The Fair 55 Tax Reform Plan (Part 3)

Fair 55 Tax Reform, West Virginia, Michael Caryl

The nation’s most respected state public finance policy experts unanimously concur that an ideal state tax structure is one that is: characterized by a broad base and low rates, simple to comply with and to administer, stable as to revenue yield, transparent and predictable in its application to taxpayer and administrator alike, neutral as to economic resource allocation, adequate to generate sufficient revenues to fund necessary government operations and fair to all.8 That latter principle, in turn, embodies fairness among taxpayers (i.e. neutrality, ability to pay), fairness to the taxpayer community as a whole (i.e. simplicity, transparency, predictability) and fairness to the government acting as the people’s instrument to provide necessary public goods (e.g. infrastructure, education, community health, physical safety of persons and property) and to have the capacity to achieve a just and orderly society (e.g. the rule of law, social safety net, etc.). This proposal has been designed to fully honor and advance each of those guiding principles.

At the heart of this proposal is the thesis that, overall, because they promote each of the foregoing tenets of an ideal tax structure, consumption taxes, which are broad-based and free of many exemptions, offer what is, easily, the best approach to generation of public revenues. That is, they are simple to administer and with which to comply, highly stable in revenue yield (particularly compared to taxes on profits and income) and neutral in terms of resource allocation. Moreover, due to its automatic inclusion in the total charged price, a consumption tax is not only easier and much cheaper to administer but, as a further practical matter, is likely to encounter far less taxpayer resistance than a tax where a form has to be filled out and accompanied by a check written and mailed to the government (e.g. the income tax).1

As challenges, to the desirability of using a broad-based consumption tax, to achieve those policy ends, there are typically three major objections raised. First, it is argued that broad consumption taxes should not be adopted because they have a highly regressive impact when applied to purchases of life necessities (e.g. food, clothing, medicine, healthcare services, utility and transportation services) by low income persons. Of course, in that undeniable social policy drawback of a consumption tax is also found tacit recognition of two of its intrinsic functional advantages: to-wit, as a transactional excise tax collected by the vendor, it is both immediately transparent and inherently self-assessing in its operation. Thus, the customer’s decision to purchase is also his or her decision to be taxed.
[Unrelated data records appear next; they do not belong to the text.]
lemma codewords_one: "codewords 1 x = {[False], [True]}"
proof -
  have "[c] \<in> codewords 1 x" for c
    using Cons_mem_codewords_iff[of c "[]" 0 x] Nil_mem_codewords forbidden_start_hd by auto
  moreover have "d = [False] \<or> d = [True]" if "d \<in> codewords 1 x" for d
    using length_codewords[OF that] by (cases d) auto
  ultimately show ?thesis
    by auto
qed

lemma Ncount_eq_card: "n \<ge> 1 \<Longrightarrow> Ncount (int n) x = card (codewords n x)"
  unfolding Ncount_def using codewords_one[of x] by (cases "n = 1") auto

lemma replicate_append_mem_codewords_iff:
  assumes "e \<noteq> []" "hd e = c"
  shows "replicate j c @ e \<in> codewords (j + k) x \<longleftrightarrow> e \<in> codewords k x"
proof (induction j)
  case (Suc j)
  have "\<not> forbidden_start x c (replicate j c @ e)"
    using forbidden_start_hd[of x c "replicate j c @ e"] assms by (cases j) auto
  then show ?case
    using Suc Cons_mem_codewords_iff[of c "replicate j c @ e" "j + k" x] by simp
qed simp

lemma replicate_mem_codewords:
  assumes "n \<ge> 1"
  shows "replicate n c \<in> codewords n x"
proof -
  obtain k where n: "n = k + 1"
    using assms by (metis add.commute le_Suc_ex)
  have "[c] \<in> codewords 1 x"
    unfolding codewords_one by (cases c) auto
  then have "replicate k c @ [c] \<in> codewords n x"
    using replicate_append_mem_codewords_iff[of "[c]" c k 1 x] n by simp
  then show ?thesis
    by (simp add: replicate_append_same n)
qed

lemma hd_not_forbidden_start_iff:
  assumes "d \<noteq> []"
  shows "hd d = (\<not> b) \<and> \<not> forbidden_start x b d \<longleftrightarrow> b \<notin> set (take (Suc x) d)"
proof (cases "hd d = b")
  case True
  then show ?thesis
    using assms by (cases d) auto
next
  case False
  then show ?thesis
    using forbidden_start_iff_mem_take[OF assms, of b x] by simp
qed

lemma not_forbidden_start_short:
  assumes "1 \<le> n" "n \<le> x"
  shows "{d \<in> codewords n x. hd d = (\<not> b) \<and> \<not> forbidden_start x b d} = {replicate n (\<not> b)}"
proof (intro equalityI subsetI)
  fix d assume d: "d \<in> {d \<in> codewords n x. hd d = (\<not> b) \<and> \<not> forbidden_start x b d}"
  then have "length d = n" and "d \<noteq> []"
    using length_codewords assms by fastforce+
  with d assms(2) have "b \<notin> set d"
    using hd_not_forbidden_start_iff[of d b x] by simp
  then show "d \<in> {replicate n (\<not> b)}"
    using notin_set_replicate_Not \<open>length d = n\<close> by fastforce
next
  fix d assume "d \<in> {replicate n (\<not> b)}"
  then have d: "d = replicate n (\<not> b)" by simp
  then have "d \<noteq> []" and "b \<notin> set (take (Suc x) d)"
    using assms by (simp_all add: take_replicate)
  then show "d \<in> {d \<in> codewords n x. hd d = (\<not> b) \<and> \<not> forbidden_start x b d}"
    using hd_not_forbidden_start_iff[of d b x] replicate_mem_codewords[OF assms(1)] d by blast
qed

lemma not_forbidden_start_long:
  assumes "k \<ge> 1"
  shows "{d \<in> codewords (x + k) x. hd d = (\<not> b) \<and> \<not> forbidden_start x b d}
           = (\<lambda>e. replicate x (\<not> b) @ e) ` {e \<in> codewords k x. hd e = (\<not> b)}"
proof (intro equalityI subsetI)
  fix d assume d: "d \<in> {d \<in> codewords (x + k) x. hd d = (\<not> b) \<and> \<not> forbidden_start x b d}"
  then have len: "length d = x + k" and "d \<noteq> []"
    using length_codewords assms by fastforce+
  with d have "b \<notin> set (take (Suc x) d)"
    using hd_not_forbidden_start_iff[of d b x] by simp
  then have run: "take (Suc x) d = replicate (Suc x) (\<not> b)"
    using notin_set_replicate_Not[of b "take (Suc x) d"] len assms by simp
  define e where "e = drop x d"
  have de: "d = replicate x (\<not> b) @ e"
    using run unfolding e_def
    by (metis append_take_drop_id take_replicate min.absorb1 le_SucI order_refl take_take)
  have "d ! x = (\<not> b)"
    using arg_cong[OF run, of "\<lambda>l. l ! x"] by (simp del: replicate_Suc)
  then have "e \<noteq> []" "hd e = (\<not> b)"
    using len assms unfolding e_def by (auto simp: hd_drop_conv_nth)
  then have "e \<in> codewords k x"
    using d de replicate_append_mem_codewords_iff[of e "\<not> b" x k x] by simp
  then show "d \<in> (\<lambda>e. replicate x (\<not> b) @ e) ` {e \<in> codewords k x. hd e = (\<not> b)}"
    using de \<open>hd e = (\<not> b)\<close> by blast
next
  fix d assume "d \<in> (\<lambda>e. replicate x (\<not> b) @ e) ` {e \<in> codewords k x. hd e = (\<not> b)}"
  then obtain e where e: "e \<in> codewords k x" "hd e = (\<not> b)" and de: "d = replicate x (\<not> b) @ e"
    by blast
  have "e \<noteq> []"
    using length_codewords[OF e(1)] assms by auto
  then have "d \<in> codewords (x + k) x" and "d \<noteq> []" and "b \<notin> set (take (Suc x) d)"
    using replicate_append_mem_codewords_iff[of e "\<not> b" x k x] e de by (cases e; simp)+
  then show "d \<in> {d \<in> codewords (x + k) x. hd d = (\<not> b) \<and> \<not> forbidden_start x b d}"
    using hd_not_forbidden_start_iff[of d b x] by blast
qed

lemma card_forbidden_start:
  assumes "n \<ge> 1"
  shows "2 * card {d \<in> codewords n x. forbidden_start x b d} + Ncount (int n - int x) x
           = card (codewords n x)"
proof -
  let ?F = "{d \<in> codewords n x. forbidden_start x b d}"
  let ?G = "{d \<in> codewords n x. hd d = (\<not> b) \<and> \<not> forbidden_start x b d}"
  have "2 * card ?G = Ncount (int n - int x) x"
  proof (cases "n \<le> x")
    case True
    \<comment> \<open>a single word, matching the convention \<open>Ncount k x = 2\<close> for \<open>k \<le> 1\<close>\<close>
    then show ?thesis
      using not_forbidden_start_short[OF assms True] unfolding Ncount_def by simp
  next
    case False
    define k where "k = n - x"
    then have k: "k \<ge> 1" "n = x + k"
      using False by auto
    have "inj (\<lambda>e. replicate x (\<not> b) @ e)"
      by (rule injI) simp
    then have "card ?G = card {e \<in> codewords k x. hd e = (\<not> b)}"
      unfolding k(2) not_forbidden_start_long[OF k(1)] by (simp add: card_image inj_on_subset)
    then show ?thesis
      using card_codewords_hd[OF k(1), of x "\<not> b"] Ncount_eq_card[OF k(1), of x] k(2) by simp
  qed
  moreover have "{d \<in> codewords n x. hd d = (\<not> b)} = ?F \<union> ?G" and "?F \<inter> ?G = {}"
    using forbidden_start_hd by blast+
  then have "card ?F + card ?G = card {d \<in> codewords n x. hd d = (\<not> b)}"
    using finite_codewords[of n x] by (simp add: card_Un_disjoint)
  ultimately show ?thesis
    using card_codewords_hd[OF assms, of x "\<not> b"] by simp
qed
lemma lie_eq_lie_pt:
  assumes "\<And>k A. has_pdx idx k (\<lambda>t x. \<Theta> t x A) t x" "\<And>j k. has_pdx idx k (ucomp idx u j) t x"
    and "S \<subseteq> {1..CARD('n)}"
  shows "lie idx u \<Theta> t x S
       = lie_pt {1..CARD('n)} (\<lambda>j. ucomp idx u j t x) (\<lambda>k j. pdx idx k (ucomp idx u j) t x)
           (\<Theta> t x) (form_pdx idx \<Theta> t x) S"
proof -
  let ?D = "{1..CARD('n)}"
  have "dform idx (iprod idx u \<Theta>) t x S
      = d_pt ?D (\<lambda>k A. interior_pt ?D (\<lambda>j. pdx idx k (ucomp idx u j) t x) (\<Theta> t x) A
                      + interior_pt ?D (\<lambda>j. ucomp idx u j t x) (form_pdx idx \<Theta> t x k) A) S"
    using assms by (simp add: dform_eq_d_pt form_pdx_iprod)
  moreover have "iprod idx u (dform idx \<Theta>) t x S
      = interior_pt ?D (\<lambda>j. ucomp idx u j t x) (d_pt ?D (form_pdx idx \<Theta> t x)) S"
    unfolding iprod_eq_interior_pt using assms(3)
    by (intro interior_pt_cong) (simp add: dform_eq_d_pt)
  ultimately show ?thesis
    by (simp add: lie_def lie_pt_def)
qed

lemma form_pdx_wedge:
  assumes "\<And>k A. has_pdx idx k (\<lambda>t x. \<alpha> t x A) t x" "\<And>k A. has_pdx idx k (\<lambda>t x. \<beta> t x A) t x"
  shows "form_pdx idx (wedge \<alpha> \<beta>) t x
       = (\<lambda>k S. wedge_pt (form_pdx idx \<alpha> t x k) (\<beta> t x) S + wedge_pt (\<alpha> t x) (form_pdx idx \<beta> t x k) S)"
  using assms by (simp add: fun_eq_iff form_pdx_def wedge_def wedge_pt_def inv_sign_def
      sum.distrib algebra_simps)

lemma form_pdx_scale:
  assumes "\<And>k A. has_pdx idx k (\<lambda>t x. \<Theta> t x A) t x"
  shows "form_pdx idx (\<lambda>t x A. c * \<Theta> t x A) t x = (\<lambda>k A. c * form_pdx idx \<Theta> t x k A)"
  using assms by (simp add: fun_eq_iff form_pdx_def)

lemma form_pdx_add:
  assumes "\<And>k A. has_pdx idx k (\<lambda>t x. \<Theta>1 t x A) t x" "\<And>k A. has_pdx idx k (\<lambda>t x. \<Theta>2 t x A) t x"
  shows "form_pdx idx (\<lambda>t x A. \<Theta>1 t x A + \<Theta>2 t x A) t x
       = (\<lambda>k A. form_pdx idx \<Theta>1 t x k A + form_pdx idx \<Theta>2 t x k A)"
  using assms by (simp add: fun_eq_iff form_pdx_def)
text \<open>The solution U of the recurrence in \<open>parametric_recurrence_vanishes_nat\<close>, divided by c,
  as a polynomial in c.\<close>
primrec recurrence_poly ::
  "(nat \<Rightarrow> 'a::field) \<Rightarrow> (nat \<Rightarrow> 'a) \<Rightarrow> (nat \<Rightarrow> 'a) \<Rightarrow> nat \<Rightarrow> 'a poly" where
  "recurrence_poly A \<alpha> \<beta> 0 = [:A 0 / \<alpha> 0:]"
| "recurrence_poly A \<alpha> \<beta> (Suc k) =
     [:A (Suc k) / \<alpha> (Suc k):]
     - smult (\<beta> (Suc k) / \<alpha> (Suc k)) (pCons 0 (recurrence_poly A \<alpha> \<beta> k))"

lemma recurrence_poly_eq_0_imp:
  assumes "\<And>k. \<alpha> k \<noteq> 0" "\<And>k. \<beta> (Suc k) \<noteq> 0"
    and "recurrence_poly A \<alpha> \<beta> k = 0" "i \<le> k"
  shows "A i = 0"
  using assms(3,4)
proof (induction k)
  case 0
  then show ?case using assms(1)[of 0] by simp
next
  case (Suc k)
  have "coeff (recurrence_poly A \<alpha> \<beta> (Suc k)) 0 = 0" using Suc.prems(1) by simp
  then have A: "A (Suc k) = 0" using assms(1)[of "Suc k"] by simp
  then have "recurrence_poly A \<alpha> \<beta> k = 0"
    using Suc.prems(1) assms(1)[of "Suc k"] assms(2)[of k] by simp
  with Suc.IH A Suc.prems(2) show ?case by (cases "i = Suc k") auto
qed

lemma recurrence_solution_eq_poly:
  assumes "\<And>k. \<alpha> k \<noteq> 0"
    and "c * A 0 = \<alpha> 0 * U 0"
    and "\<And>k. c * A (Suc k) = \<alpha> (Suc k) * U (Suc k) + c * \<beta> (Suc k) * U k"
  shows "U k = c * poly (recurrence_poly A \<alpha> \<beta> k) c"
proof (induction k)
  case 0
  then show ?case using assms(1,2) by (simp add: field_simps)
next
  case (Suc k)
  have "U (Suc k) = (c * A (Suc k) - c * \<beta> (Suc k) * U k) / \<alpha> (Suc k)"
    using assms(1,3) by (simp add: field_simps)
  with Suc.IH assms(1) show ?case by (simp add: field_simps)
qed

text \<open>Beyond the support of A the recurrence is homogeneous with nonzero coefficients, so a
  nonzero value would propagate forever.\<close>
lemma recurrence_solution_vanishes_beyond:
  fixes U :: "nat \<Rightarrow> 'a::field"
  assumes "finite {k. U k \<noteq> 0}" "c \<noteq> 0" "\<And>k. \<alpha> k \<noteq> 0" "\<And>k. \<beta> (Suc k) \<noteq> 0"
    and "\<And>k. k > N \<Longrightarrow> A k = 0"
    and "\<And>k. c * A (Suc k) = \<alpha> (Suc k) * U (Suc k) + c * \<beta> (Suc k) * U k"
  shows "U N = 0"
proof (rule ccontr)
  assume "U N \<noteq> 0"
  have "U (N + i) \<noteq> 0" for i
  proof (induction i)
    case 0
    then show ?case using \<open>U N \<noteq> 0\<close> by simp
  next
    case (Suc i)
    have "\<alpha> (Suc (N + i)) * U (Suc (N + i)) = - (c * \<beta> (Suc (N + i)) * U (N + i))"
      using assms(5)[of "Suc (N + i)"] assms(6)[of "N + i"] by (simp add: eq_neg_iff_add_eq_0)
    moreover have "c * \<beta> (Suc (N + i)) * U (N + i) \<noteq> 0" using assms(2,4) Suc.IH by simp
    ultimately show ?case by auto
  qed
  then have "{N..} \<subseteq> {k. U k \<noteq> 0}" by (auto simp: le_iff_add)
  then show False using assms(1) finite_subset infinite_Ici by blast
qed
However, if we can assume full amelioration of the regressive aspects of a consumption tax, as is the case with the Fair 55 Tax Reform Plan© (see, Section D infra), a principled argument can be made that, as a result of such immediate self-assessment, such a tax is a far more efficient and choice-honoring way to measure and implement the ability-to-pay policy objective than is the convoluted, loop-hole riddled income tax, even with its nominally progressive rate structure. That is, as long as a consumption tax does not apply to purchases of life’s necessities by low-income individuals, who better to determine the taxpayer’s “ability to pay” than the taxpayer in making his or her own decision to purchase goods and services?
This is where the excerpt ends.